Aim of the exercise:
Retrieve every line of the data holding the word "equivalences".

Data to examine:
text \<open>The horizontal 2-category of \<open>\<bbbH>A\<close> is \<open>A\<close> itself, so it suffices that \<open>\<V>\<bbbH>F\<close> is a
  biequivalence (a Lack fibration) whenever \<open>F\<close> is.  The morphisms of \<open>\<V>\<bbbH>A\<close> are the 2-cells
  of \<open>A\<close>, and its 2-cells are commutative squares of 2-cells, invertible exactly when both
  components are.  The crux is that the equivalences of \<open>\<V>\<bbbH>A\<close> are precisely the invertible
  2-cells \<open>\<alpha> : g \<Rightarrow> g'\<close> with \<open>g\<close> an equivalence.  For the nontrivial direction let
  \<open>\<epsilon> : h \<Rightarrow> h'\<close> be a pseudo-inverse of \<open>\<alpha>\<close> in \<open>\<V>\<bbbH>A\<close>: the invertible composite \<open>\<epsilon> * \<alpha>\<close>
  factors both as \<open>(\<epsilon> * g') \<cdot> (h * \<alpha>)\<close> and as \<open>(h' * \<alpha>) \<cdot> (\<epsilon> * g)\<close>, so \<open>h * \<alpha>\<close> has a left and
  \<open>h' * \<alpha>\<close> a right inverse, and these pass to \<open>\<alpha>\<close> because whiskering by \<open>h\<close> (resp. \<open>h'\<close>) is
  undone up to the invertible 2-cell \<open>g h \<cong> 1\<close> (resp. \<open>g' h' \<cong> 1\<close>).  With this, equivalences,
  invertible 2-cells and 2-cells of \<open>\<V>\<bbbH>B\<close> lift componentwise along \<open>F\<close>.\<close>

locale two_category =
  fixes C :: "('o,'m,'c) twocat"
  assumes hdom_in_Ob [simp]: "f \<in> Hom C \<Longrightarrow> hdom C f \<in> Ob C"
    and hcod_in_Ob [simp]: "f \<in> Hom C \<Longrightarrow> hcod C f \<in> Ob C"
    and idm_in_Hom [simp]: "x \<in> Ob C \<Longrightarrow> idm C x \<in> Hom C"
    and hdom_idm [simp]: "x \<in> Ob C \<Longrightarrow> hdom C (idm C x) = x"
    and hcod_idm [simp]: "x \<in> Ob C \<Longrightarrow> hcod C (idm C x) = x"
    and comp_in_Hom [simp]: "\<lbrakk>f \<in> Hom C; g \<in> Hom C; hcod C f = hdom C g\<rbrakk> \<Longrightarrow> comp C g f \<in> Hom C"
    and hdom_comp [simp]: "\<lbrakk>f \<in> Hom C; g \<in> Hom C; hcod C f = hdom C g\<rbrakk> \<Longrightarrow> hdom C (comp C g f) = hdom C f"
    and hcod_comp [simp]: "\<lbrakk>f \<in> Hom C; g \<in> Hom C; hcod C f = hdom C g\<rbrakk> \<Longrightarrow> hcod C (comp C g f) = hcod C g"
    and comp_idm_left [simp]: "\<lbrakk>f \<in> Hom C; hcod C f = y\<rbrakk> \<Longrightarrow> comp C (idm C y) f = f"
    and comp_idm_right [simp]: "\<lbrakk>f \<in> Hom C; hdom C f = x\<rbrakk> \<Longrightarrow> comp C f (idm C x) = f"
    and src2_in_Hom [simp]: "a \<in> Cell C \<Longrightarrow> src2 C a \<in> Hom C"
    and tgt2_in_Hom [simp]: "a \<in> Cell C \<Longrightarrow> tgt2 C a \<in> Hom C"
    and hdom_tgt2 [simp]: "a \<in> Cell C \<Longrightarrow> hdom C (tgt2 C a) = hdom C (src2 C a)"
    and hcod_tgt2 [simp]: "a \<in> Cell C \<Longrightarrow> hcod C (tgt2 C a) = hcod C (src2 C a)"
    and id2_in_Cell [simp]: "f \<in> Hom C \<Longrightarrow> id2 C f \<in> Cell C"
    and src2_id2 [simp]: "f \<in> Hom C \<Longrightarrow> src2 C (id2 C f) = f"
    and tgt2_id2 [simp]: "f \<in> Hom C \<Longrightarrow> tgt2 C (id2 C f) = f"
    and vcomp_in_Cell [simp]: "\<lbrakk>a \<in> Cell C; b \<in> Cell C; tgt2 C a = src2 C b\<rbrakk> \<Longrightarrow> vcomp C b a \<in> Cell C"
    and src2_vcomp [simp]: "\<lbrakk>a \<in> Cell C; b \<in> Cell C; tgt2 C a = src2 C b\<rbrakk> \<Longrightarrow> src2 C (vcomp C b a) = src2 C a"
    and tgt2_vcomp [simp]: "\<lbrakk>a \<in> Cell C; b \<in> Cell C; tgt2 C a = src2 C b\<rbrakk> \<Longrightarrow> tgt2 C (vcomp C b a) = tgt2 C b"
    and vcomp_assoc: "\<lbrakk>a \<in> Cell C; b \<in> Cell C; c \<in> Cell C; tgt2 C a = src2 C b; tgt2 C b = src2 C c\<rbrakk>
      \<Longrightarrow> vcomp C c (vcomp C b a) = vcomp C (vcomp C c b) a"
    and vcomp_id2_left [simp]: "\<lbrakk>a \<in> Cell C; tgt2 C a = f\<rbrakk> \<Longrightarrow> vcomp C (id2 C f) a = a"
    and vcomp_id2_right [simp]: "\<lbrakk>a \<in> Cell C; src2 C a = f\<rbrakk> \<Longrightarrow> vcomp C a (id2 C f) = a"
    and hcomp_in_Cell [simp]: "\<lbrakk>a \<in> Cell C; b \<in> Cell C; hcod C (src2 C a) = hdom C (src2 C b)\<rbrakk>
      \<Longrightarrow> hcomp C b a \<in> Cell C"
    and src2_hcomp [simp]: "\<lbrakk>a \<in> Cell C; b \<in> Cell C; hcod C (src2 C a) = hdom C (src2 C b)\<rbrakk>
      \<Longrightarrow> src2 C (hcomp C b a) = comp C (src2 C b) (src2 C a)"
    and tgt2_hcomp [simp]: "\<lbrakk>a \<in> Cell C; b \<in> Cell C; hcod C (src2 C a) = hdom C (src2 C b)\<rbrakk>
      \<Longrightarrow> tgt2 C (hcomp C b a) = comp C (tgt2 C b) (tgt2 C a)"
    and hcomp_assoc: "\<lbrakk>a \<in> Cell C; b \<in> Cell C; c \<in> Cell C;
      hcod C (src2 C a) = hdom C (src2 C b); hcod C (src2 C b) = hdom C (src2 C c)\<rbrakk>
      \<Longrightarrow> hcomp C c (hcomp C b a) = hcomp C (hcomp C c b) a"
    and hcomp_idm_left [simp]: "\<lbrakk>a \<in> Cell C; hcod C (src2 C a) = y\<rbrakk> \<Longrightarrow> hcomp C (id2 C (idm C y)) a = a"
    and hcomp_idm_right [simp]: "\<lbrakk>a \<in> Cell C; hdom C (src2 C a) = x\<rbrakk> \<Longrightarrow> hcomp C a (id2 C (idm C x)) = a"
    and hcomp_id2 [simp]: "\<lbrakk>f \<in> Hom C; g \<in> Hom C; hcod C f = hdom C g\<rbrakk>
      \<Longrightarrow> hcomp C (id2 C g) (id2 C f) = id2 C (comp C g f)"
    and interchange: "\<lbrakk>a \<in> Cell C; a' \<in> Cell C; b \<in> Cell C; b' \<in> Cell C;
      tgt2 C a = src2 C a'; tgt2 C b = src2 C b'; hcod C (src2 C a) = hdom C (src2 C b)\<rbrakk>
      \<Longrightarrow> vcomp C (hcomp C b' a') (hcomp C b a) = hcomp C (vcomp C b' b) (vcomp C a' a)"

Answer for this exercise:
  components are.  The crux is that the equivalences of \<open>\<V>\<bbbH>A\<close> are precisely the invertible
  undone up to the invertible 2-cell \<open>g h \<cong> 1\<close> (resp. \<open>g' h' \<cong> 1\<close>).  With this, equivalences,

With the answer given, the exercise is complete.